From the entries below, count the lines holding the word "vector" and give nothing but the number.

• **Saved entries**
□ □ □ □ □ □ □

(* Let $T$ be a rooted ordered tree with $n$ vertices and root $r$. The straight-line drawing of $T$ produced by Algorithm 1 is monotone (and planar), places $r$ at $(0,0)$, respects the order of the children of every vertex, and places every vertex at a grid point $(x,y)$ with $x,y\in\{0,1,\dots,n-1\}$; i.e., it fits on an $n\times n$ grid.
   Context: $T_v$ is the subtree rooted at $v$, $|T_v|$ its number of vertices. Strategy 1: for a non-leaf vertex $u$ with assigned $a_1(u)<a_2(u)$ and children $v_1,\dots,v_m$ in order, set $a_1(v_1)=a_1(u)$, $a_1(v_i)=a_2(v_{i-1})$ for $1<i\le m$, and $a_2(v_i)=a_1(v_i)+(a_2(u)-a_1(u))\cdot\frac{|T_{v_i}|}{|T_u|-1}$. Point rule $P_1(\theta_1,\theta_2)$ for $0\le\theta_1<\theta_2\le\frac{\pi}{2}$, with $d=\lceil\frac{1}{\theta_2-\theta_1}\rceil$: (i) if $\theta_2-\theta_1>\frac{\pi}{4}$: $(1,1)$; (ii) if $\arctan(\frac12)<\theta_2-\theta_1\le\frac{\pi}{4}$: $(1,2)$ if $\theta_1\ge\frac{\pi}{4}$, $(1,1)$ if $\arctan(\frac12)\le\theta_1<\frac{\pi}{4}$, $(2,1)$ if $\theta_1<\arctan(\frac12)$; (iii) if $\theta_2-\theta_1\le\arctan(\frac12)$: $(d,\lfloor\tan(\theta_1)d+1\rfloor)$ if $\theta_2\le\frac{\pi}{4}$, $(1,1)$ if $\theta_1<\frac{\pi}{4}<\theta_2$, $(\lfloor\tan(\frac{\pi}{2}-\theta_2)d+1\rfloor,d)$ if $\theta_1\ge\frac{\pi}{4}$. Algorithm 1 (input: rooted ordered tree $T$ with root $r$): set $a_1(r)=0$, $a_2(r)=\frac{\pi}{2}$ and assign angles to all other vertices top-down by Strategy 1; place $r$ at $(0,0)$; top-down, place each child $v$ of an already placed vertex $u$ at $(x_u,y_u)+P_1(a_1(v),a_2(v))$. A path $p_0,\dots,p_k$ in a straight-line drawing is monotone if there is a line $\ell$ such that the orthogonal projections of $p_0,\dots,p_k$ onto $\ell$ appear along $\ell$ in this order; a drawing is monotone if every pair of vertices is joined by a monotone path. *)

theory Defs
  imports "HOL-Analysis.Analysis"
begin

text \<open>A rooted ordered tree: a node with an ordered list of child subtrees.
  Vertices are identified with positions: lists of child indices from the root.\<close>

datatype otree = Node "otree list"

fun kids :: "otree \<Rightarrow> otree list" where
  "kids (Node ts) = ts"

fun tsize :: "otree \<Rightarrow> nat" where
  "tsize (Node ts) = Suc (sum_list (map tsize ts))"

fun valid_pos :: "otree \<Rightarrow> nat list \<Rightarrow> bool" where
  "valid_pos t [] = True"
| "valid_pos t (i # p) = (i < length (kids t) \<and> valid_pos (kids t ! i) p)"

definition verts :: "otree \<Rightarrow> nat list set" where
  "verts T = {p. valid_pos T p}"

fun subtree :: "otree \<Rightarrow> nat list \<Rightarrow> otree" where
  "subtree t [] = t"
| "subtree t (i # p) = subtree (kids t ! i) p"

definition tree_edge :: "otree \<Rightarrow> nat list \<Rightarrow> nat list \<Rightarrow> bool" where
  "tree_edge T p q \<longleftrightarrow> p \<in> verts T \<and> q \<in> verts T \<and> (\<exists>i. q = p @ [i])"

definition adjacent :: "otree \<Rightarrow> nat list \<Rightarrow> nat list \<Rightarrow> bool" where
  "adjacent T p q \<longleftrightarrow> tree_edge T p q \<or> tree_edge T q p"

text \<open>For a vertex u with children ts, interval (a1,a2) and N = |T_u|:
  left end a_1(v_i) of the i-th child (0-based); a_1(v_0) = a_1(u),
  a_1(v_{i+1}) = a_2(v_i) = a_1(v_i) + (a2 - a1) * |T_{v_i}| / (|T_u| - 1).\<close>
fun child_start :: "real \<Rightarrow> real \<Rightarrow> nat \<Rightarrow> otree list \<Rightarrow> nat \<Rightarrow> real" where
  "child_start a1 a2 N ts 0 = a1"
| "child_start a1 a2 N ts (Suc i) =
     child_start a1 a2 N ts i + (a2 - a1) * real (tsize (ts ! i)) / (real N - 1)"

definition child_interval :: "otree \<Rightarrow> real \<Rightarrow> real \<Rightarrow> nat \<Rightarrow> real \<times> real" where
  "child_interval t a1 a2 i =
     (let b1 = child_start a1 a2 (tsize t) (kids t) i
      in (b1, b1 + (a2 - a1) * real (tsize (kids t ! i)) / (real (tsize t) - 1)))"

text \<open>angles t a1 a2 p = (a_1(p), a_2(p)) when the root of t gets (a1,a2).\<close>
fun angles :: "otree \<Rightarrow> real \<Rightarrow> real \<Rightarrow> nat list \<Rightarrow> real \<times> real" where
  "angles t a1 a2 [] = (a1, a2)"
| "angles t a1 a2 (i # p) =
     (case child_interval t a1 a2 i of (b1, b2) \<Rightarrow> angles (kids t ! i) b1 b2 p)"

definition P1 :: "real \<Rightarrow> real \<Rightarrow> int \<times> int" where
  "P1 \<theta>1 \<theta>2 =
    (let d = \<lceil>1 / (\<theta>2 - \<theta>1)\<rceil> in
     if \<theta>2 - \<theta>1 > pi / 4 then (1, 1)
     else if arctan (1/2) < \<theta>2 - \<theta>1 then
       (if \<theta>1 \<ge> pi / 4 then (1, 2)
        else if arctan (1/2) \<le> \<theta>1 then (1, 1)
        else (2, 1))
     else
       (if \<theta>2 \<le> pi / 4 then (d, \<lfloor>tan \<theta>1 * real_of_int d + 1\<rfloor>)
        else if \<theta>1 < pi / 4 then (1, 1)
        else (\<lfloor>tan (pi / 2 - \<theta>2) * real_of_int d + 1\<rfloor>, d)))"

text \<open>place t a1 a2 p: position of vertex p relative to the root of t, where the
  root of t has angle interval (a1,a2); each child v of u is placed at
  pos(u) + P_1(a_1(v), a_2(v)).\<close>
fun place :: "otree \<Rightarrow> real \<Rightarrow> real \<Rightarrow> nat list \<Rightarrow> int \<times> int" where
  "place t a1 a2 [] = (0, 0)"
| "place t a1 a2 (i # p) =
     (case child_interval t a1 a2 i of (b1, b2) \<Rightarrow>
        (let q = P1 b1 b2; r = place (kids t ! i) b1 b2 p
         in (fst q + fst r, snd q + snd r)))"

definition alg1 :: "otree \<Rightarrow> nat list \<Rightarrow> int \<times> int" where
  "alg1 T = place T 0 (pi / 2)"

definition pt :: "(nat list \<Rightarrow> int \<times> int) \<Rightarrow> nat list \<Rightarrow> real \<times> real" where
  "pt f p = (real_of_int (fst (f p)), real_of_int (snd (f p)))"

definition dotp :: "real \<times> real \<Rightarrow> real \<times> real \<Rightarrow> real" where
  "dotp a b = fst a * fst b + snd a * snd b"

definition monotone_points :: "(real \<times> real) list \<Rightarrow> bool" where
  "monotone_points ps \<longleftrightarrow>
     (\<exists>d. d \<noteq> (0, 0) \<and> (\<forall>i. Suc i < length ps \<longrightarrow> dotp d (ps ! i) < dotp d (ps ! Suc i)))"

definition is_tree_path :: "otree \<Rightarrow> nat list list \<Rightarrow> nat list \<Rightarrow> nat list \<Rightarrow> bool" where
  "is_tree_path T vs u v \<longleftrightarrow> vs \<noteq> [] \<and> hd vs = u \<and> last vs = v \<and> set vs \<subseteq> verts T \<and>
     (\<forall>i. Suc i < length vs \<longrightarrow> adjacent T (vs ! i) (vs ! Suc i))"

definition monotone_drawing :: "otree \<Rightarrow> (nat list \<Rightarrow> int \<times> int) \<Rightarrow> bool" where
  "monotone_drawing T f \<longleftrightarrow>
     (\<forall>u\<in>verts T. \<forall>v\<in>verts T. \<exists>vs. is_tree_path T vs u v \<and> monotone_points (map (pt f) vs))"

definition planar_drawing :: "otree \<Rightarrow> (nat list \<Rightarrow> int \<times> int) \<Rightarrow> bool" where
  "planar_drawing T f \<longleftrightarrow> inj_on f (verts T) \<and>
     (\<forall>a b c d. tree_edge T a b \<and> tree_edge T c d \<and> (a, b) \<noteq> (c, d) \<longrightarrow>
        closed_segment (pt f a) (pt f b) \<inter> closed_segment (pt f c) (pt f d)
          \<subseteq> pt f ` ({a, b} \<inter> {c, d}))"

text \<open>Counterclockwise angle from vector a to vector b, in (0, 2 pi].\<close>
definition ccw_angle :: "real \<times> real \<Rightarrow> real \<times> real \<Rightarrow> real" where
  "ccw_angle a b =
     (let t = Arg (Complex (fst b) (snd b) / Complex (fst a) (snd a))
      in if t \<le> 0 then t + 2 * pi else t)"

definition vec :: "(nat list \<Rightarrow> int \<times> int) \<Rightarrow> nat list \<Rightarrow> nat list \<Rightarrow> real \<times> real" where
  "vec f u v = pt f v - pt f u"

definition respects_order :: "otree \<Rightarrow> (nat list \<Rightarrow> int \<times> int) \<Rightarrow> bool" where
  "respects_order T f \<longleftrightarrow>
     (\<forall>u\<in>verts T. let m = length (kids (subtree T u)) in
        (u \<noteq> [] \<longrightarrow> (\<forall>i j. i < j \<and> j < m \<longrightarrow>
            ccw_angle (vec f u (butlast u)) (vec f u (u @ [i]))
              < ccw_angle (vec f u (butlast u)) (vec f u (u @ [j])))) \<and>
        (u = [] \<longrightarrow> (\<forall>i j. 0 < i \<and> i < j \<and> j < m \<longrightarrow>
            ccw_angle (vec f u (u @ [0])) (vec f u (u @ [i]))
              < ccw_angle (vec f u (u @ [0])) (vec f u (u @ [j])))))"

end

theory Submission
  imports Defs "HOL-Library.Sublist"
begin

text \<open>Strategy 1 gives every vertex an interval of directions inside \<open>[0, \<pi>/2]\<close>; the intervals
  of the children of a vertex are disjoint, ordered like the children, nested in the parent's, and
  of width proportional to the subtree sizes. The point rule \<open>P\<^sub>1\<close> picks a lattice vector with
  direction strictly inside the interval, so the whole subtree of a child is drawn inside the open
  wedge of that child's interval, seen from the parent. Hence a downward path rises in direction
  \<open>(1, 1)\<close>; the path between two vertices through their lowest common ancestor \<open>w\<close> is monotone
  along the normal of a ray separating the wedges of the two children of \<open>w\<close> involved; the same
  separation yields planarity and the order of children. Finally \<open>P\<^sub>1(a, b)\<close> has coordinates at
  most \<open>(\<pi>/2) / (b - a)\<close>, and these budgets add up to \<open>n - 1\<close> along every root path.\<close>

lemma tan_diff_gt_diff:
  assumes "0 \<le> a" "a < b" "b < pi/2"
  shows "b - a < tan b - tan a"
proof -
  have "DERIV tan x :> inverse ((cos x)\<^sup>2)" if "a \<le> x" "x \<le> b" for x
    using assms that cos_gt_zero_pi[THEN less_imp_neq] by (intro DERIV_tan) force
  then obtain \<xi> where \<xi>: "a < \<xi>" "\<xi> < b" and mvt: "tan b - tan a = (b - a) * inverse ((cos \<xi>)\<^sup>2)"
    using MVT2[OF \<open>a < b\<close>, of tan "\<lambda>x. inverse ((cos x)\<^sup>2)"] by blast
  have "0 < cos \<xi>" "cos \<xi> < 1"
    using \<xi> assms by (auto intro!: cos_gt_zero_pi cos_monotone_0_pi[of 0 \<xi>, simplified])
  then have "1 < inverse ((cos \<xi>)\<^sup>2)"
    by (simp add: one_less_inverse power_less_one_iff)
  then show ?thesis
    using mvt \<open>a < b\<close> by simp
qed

□ □ □ □ □ □ □

• **Solved exercise**
2